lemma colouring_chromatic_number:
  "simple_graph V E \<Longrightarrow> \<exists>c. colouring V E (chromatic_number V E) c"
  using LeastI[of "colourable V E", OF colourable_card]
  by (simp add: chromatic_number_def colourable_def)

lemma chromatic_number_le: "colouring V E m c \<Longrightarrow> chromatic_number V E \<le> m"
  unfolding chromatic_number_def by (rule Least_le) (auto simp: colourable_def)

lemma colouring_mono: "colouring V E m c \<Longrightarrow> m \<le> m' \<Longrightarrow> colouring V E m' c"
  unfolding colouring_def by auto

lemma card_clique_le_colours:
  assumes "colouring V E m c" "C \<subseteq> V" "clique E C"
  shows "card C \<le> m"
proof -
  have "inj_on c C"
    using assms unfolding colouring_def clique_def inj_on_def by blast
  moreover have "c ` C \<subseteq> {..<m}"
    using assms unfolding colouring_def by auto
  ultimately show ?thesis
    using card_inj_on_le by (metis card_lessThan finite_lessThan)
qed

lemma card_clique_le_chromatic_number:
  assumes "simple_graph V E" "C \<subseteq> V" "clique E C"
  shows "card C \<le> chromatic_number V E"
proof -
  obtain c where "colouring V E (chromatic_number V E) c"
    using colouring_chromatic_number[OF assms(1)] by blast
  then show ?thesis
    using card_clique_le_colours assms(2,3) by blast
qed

...

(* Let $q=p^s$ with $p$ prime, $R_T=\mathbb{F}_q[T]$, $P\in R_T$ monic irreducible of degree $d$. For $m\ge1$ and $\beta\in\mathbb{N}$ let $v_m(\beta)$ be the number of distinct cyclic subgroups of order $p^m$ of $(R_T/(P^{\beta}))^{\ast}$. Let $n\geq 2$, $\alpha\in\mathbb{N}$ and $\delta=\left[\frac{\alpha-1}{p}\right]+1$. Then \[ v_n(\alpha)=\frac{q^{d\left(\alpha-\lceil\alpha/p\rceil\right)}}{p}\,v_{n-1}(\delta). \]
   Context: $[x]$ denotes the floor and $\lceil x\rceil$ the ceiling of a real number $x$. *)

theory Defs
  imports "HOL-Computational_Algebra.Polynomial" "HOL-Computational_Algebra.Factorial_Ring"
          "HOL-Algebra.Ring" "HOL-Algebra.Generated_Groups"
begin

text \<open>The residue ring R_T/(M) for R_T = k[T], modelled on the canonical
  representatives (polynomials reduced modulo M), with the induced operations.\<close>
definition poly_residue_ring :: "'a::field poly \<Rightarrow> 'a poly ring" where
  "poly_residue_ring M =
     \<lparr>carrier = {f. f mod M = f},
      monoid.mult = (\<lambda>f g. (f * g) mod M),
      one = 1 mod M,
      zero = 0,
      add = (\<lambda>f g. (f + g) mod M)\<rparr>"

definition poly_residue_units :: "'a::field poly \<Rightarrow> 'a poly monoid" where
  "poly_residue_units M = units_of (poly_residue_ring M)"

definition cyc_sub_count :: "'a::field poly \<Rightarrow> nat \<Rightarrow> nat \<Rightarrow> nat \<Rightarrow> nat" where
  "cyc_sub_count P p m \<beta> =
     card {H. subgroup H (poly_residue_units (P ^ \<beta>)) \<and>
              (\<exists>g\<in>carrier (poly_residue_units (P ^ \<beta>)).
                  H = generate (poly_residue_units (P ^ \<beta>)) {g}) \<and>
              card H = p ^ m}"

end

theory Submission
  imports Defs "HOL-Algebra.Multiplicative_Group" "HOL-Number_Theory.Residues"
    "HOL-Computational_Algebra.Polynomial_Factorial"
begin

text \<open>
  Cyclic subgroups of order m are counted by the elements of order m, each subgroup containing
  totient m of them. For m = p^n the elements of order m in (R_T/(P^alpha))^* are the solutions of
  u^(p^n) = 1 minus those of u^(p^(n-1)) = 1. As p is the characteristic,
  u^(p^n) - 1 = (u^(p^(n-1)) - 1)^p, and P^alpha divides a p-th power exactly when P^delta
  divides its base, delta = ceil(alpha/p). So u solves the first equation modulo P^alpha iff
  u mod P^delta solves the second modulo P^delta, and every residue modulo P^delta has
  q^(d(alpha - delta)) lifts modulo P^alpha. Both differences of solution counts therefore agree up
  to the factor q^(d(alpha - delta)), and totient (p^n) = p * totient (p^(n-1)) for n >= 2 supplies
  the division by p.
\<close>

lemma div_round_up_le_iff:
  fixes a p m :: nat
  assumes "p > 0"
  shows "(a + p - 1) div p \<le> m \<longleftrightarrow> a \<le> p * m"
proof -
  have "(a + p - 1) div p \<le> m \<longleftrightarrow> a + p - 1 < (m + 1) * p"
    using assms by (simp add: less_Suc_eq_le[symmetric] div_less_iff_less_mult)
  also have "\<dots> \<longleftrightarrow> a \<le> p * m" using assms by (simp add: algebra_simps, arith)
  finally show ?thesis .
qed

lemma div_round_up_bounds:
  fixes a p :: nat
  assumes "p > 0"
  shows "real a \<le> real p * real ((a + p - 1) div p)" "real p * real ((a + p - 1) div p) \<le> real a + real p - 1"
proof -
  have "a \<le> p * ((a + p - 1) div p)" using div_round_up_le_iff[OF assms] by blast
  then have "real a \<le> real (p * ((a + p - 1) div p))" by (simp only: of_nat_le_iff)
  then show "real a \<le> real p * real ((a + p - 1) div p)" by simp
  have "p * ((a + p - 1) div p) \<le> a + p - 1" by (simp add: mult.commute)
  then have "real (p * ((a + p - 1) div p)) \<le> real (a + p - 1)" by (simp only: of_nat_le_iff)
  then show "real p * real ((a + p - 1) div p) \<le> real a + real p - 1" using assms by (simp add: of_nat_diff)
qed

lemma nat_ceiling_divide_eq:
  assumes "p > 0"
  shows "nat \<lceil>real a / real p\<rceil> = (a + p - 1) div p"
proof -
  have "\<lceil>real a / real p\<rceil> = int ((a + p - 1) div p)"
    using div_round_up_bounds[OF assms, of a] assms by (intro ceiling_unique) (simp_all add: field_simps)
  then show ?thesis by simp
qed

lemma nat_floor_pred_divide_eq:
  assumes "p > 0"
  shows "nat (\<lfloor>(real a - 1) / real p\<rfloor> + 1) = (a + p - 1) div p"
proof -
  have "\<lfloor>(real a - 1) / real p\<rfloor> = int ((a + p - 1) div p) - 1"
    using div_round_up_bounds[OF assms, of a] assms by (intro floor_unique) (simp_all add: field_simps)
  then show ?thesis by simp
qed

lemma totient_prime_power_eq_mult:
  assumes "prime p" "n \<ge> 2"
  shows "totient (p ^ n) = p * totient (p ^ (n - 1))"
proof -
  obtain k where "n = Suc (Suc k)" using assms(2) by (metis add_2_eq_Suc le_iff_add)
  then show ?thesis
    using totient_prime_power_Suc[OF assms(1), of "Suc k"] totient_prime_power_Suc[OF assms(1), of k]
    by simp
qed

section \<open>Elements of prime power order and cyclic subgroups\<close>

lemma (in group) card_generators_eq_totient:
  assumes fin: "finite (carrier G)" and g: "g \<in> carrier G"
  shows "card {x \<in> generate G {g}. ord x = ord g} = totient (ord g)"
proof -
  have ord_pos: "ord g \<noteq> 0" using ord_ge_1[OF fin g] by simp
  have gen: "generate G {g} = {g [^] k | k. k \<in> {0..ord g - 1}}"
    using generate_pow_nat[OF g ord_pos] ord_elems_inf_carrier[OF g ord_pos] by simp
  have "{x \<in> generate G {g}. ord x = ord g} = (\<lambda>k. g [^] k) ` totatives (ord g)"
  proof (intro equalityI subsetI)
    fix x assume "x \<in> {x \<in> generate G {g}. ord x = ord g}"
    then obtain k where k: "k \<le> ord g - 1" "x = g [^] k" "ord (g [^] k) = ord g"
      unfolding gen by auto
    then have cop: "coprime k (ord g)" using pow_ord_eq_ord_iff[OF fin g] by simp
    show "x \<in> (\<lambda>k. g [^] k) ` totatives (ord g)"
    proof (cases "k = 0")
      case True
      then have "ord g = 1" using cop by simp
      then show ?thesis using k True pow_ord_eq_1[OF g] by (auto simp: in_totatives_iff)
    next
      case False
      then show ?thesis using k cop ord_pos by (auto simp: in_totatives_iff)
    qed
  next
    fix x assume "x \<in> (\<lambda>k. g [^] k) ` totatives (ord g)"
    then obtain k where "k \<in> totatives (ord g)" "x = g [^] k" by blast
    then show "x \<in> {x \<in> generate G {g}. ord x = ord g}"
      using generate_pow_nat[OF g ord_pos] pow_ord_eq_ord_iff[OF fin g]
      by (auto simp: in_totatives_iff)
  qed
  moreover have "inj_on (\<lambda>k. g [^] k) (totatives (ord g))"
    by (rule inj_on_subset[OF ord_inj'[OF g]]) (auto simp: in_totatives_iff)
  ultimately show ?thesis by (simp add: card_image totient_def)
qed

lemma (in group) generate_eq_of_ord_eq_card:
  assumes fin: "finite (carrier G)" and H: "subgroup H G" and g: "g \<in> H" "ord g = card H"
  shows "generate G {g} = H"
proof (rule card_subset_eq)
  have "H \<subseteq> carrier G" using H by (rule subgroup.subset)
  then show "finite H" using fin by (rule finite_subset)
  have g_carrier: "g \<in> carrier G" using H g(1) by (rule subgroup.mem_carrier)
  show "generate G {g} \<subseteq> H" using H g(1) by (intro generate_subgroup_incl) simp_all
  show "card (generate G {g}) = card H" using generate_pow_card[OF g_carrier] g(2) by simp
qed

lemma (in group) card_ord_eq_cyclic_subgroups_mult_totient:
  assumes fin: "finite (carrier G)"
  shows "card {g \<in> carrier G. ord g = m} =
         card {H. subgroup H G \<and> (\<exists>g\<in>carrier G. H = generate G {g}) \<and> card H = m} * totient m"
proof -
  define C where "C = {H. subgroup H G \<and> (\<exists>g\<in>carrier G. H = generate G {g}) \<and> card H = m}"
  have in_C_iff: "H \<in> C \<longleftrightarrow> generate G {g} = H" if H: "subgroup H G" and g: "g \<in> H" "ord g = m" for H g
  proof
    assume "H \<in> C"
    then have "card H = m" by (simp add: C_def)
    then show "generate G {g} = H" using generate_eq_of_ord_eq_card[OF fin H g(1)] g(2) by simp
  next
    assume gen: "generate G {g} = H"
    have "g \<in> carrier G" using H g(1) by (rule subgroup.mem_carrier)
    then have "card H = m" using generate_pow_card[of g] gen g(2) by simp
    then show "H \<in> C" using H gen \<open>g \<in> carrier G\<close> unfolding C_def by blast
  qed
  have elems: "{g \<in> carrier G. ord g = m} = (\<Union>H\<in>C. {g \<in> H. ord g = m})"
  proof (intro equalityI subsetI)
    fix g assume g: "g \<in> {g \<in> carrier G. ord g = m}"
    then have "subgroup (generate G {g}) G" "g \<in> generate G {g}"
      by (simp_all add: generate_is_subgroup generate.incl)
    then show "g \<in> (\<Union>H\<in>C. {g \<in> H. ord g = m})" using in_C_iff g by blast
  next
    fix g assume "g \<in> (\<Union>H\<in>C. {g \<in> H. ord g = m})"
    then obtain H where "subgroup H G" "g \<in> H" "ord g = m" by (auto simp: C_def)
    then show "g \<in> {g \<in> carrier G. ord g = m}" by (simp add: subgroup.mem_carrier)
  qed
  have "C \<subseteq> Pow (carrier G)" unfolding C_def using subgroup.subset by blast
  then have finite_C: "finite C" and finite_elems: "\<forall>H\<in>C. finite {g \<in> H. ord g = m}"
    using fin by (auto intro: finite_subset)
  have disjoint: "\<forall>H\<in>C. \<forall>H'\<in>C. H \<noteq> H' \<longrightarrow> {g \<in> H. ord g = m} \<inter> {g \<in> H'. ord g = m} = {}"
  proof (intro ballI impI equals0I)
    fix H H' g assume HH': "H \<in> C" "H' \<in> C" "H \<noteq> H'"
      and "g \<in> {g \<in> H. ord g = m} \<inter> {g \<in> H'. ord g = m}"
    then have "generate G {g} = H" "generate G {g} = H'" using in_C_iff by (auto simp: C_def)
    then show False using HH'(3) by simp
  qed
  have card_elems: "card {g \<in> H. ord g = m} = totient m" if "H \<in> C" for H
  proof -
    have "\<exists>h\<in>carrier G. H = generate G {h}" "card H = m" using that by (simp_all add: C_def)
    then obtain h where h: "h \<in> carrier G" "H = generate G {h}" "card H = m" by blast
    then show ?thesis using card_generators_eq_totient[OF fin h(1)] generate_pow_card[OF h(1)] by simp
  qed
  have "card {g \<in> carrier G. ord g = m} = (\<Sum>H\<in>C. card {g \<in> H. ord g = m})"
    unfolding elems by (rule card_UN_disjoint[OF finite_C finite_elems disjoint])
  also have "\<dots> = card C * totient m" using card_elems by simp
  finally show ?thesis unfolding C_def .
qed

**Problem to work on**.
Each line above with the word "imports" needs to be copied.

**Answer to this exercise**.
  imports "HOL-Computational_Algebra.Polynomial" "HOL-Computational_Algebra.Factorial_Ring"
  imports Defs "HOL-Algebra.Multiplicative_Group" "HOL-Number_Theory.Residues"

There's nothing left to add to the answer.